[Collected data entries]
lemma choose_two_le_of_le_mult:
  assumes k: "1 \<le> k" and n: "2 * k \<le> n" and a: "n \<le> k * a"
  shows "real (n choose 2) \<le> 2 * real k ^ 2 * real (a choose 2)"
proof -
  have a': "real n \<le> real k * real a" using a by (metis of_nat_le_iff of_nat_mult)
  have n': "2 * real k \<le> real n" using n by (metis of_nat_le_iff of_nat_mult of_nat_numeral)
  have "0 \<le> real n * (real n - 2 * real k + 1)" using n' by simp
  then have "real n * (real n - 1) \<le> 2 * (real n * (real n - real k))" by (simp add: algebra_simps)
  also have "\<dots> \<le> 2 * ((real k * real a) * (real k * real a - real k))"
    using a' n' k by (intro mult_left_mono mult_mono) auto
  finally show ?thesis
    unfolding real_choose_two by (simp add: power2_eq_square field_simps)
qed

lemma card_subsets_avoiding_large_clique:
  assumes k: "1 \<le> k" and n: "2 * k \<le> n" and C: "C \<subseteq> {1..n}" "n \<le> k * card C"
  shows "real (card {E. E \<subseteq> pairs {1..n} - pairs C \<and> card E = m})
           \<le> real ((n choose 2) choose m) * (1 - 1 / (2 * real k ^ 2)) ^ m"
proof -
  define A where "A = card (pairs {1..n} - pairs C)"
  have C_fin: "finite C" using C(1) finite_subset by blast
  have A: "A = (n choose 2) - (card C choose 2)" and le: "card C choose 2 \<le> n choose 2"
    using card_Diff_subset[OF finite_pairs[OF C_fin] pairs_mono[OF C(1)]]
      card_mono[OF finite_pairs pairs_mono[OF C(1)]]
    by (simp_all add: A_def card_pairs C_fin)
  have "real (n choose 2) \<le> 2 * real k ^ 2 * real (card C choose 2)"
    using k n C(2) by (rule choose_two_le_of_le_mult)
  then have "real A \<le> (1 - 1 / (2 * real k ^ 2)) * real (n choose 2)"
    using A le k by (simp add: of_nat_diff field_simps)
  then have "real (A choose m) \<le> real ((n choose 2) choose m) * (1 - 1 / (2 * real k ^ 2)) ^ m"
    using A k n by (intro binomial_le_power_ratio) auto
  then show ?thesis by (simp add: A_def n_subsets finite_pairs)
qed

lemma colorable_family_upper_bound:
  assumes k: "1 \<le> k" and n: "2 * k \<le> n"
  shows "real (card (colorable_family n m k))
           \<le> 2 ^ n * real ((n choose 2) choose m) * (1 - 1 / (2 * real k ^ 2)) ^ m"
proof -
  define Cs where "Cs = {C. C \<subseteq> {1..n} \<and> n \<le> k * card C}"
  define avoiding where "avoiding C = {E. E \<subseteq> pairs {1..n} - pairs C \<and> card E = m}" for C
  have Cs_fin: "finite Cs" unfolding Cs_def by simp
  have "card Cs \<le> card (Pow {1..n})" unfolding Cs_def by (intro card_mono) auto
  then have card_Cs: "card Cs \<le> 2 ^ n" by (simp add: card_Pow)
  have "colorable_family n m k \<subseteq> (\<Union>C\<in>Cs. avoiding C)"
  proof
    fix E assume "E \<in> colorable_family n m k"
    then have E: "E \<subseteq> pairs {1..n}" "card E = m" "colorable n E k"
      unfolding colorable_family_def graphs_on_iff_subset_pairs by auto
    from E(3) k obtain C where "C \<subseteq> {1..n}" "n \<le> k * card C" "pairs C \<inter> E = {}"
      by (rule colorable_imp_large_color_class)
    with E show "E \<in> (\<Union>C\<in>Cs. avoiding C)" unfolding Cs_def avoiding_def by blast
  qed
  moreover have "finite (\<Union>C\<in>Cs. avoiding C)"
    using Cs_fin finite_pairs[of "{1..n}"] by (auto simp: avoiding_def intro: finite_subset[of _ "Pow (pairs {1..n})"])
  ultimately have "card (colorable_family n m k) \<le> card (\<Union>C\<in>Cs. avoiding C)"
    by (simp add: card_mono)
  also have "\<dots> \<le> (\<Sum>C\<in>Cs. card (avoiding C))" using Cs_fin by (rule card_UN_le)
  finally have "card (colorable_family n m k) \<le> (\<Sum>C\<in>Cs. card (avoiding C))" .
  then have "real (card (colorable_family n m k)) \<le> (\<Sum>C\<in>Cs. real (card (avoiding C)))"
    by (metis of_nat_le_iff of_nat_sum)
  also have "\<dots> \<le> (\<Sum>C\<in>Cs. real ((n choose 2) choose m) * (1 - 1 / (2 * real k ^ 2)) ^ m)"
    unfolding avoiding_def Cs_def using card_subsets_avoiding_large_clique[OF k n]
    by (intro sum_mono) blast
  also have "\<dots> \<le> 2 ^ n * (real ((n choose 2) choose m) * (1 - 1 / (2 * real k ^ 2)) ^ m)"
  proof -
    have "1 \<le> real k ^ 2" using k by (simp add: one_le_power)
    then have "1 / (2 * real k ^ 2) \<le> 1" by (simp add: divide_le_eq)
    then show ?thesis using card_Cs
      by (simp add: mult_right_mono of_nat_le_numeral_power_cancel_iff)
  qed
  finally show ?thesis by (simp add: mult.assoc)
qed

• Exercise: Copy task for the entries above: every line with the string "where".

• Answer:
  define A where "A = card (pairs {1..n} - pairs C)"
  define Cs where "Cs = {C. C \<subseteq> {1..n} \<and> n \<le> k * card C}"
  define avoiding where "avoiding C = {E. E \<subseteq> pairs {1..n} - pairs C \<and> card E = m}" for C
    from E(3) k obtain C where "C \<subseteq> {1..n}" "n \<le> k * card C" "pairs C \<inter> E = {}"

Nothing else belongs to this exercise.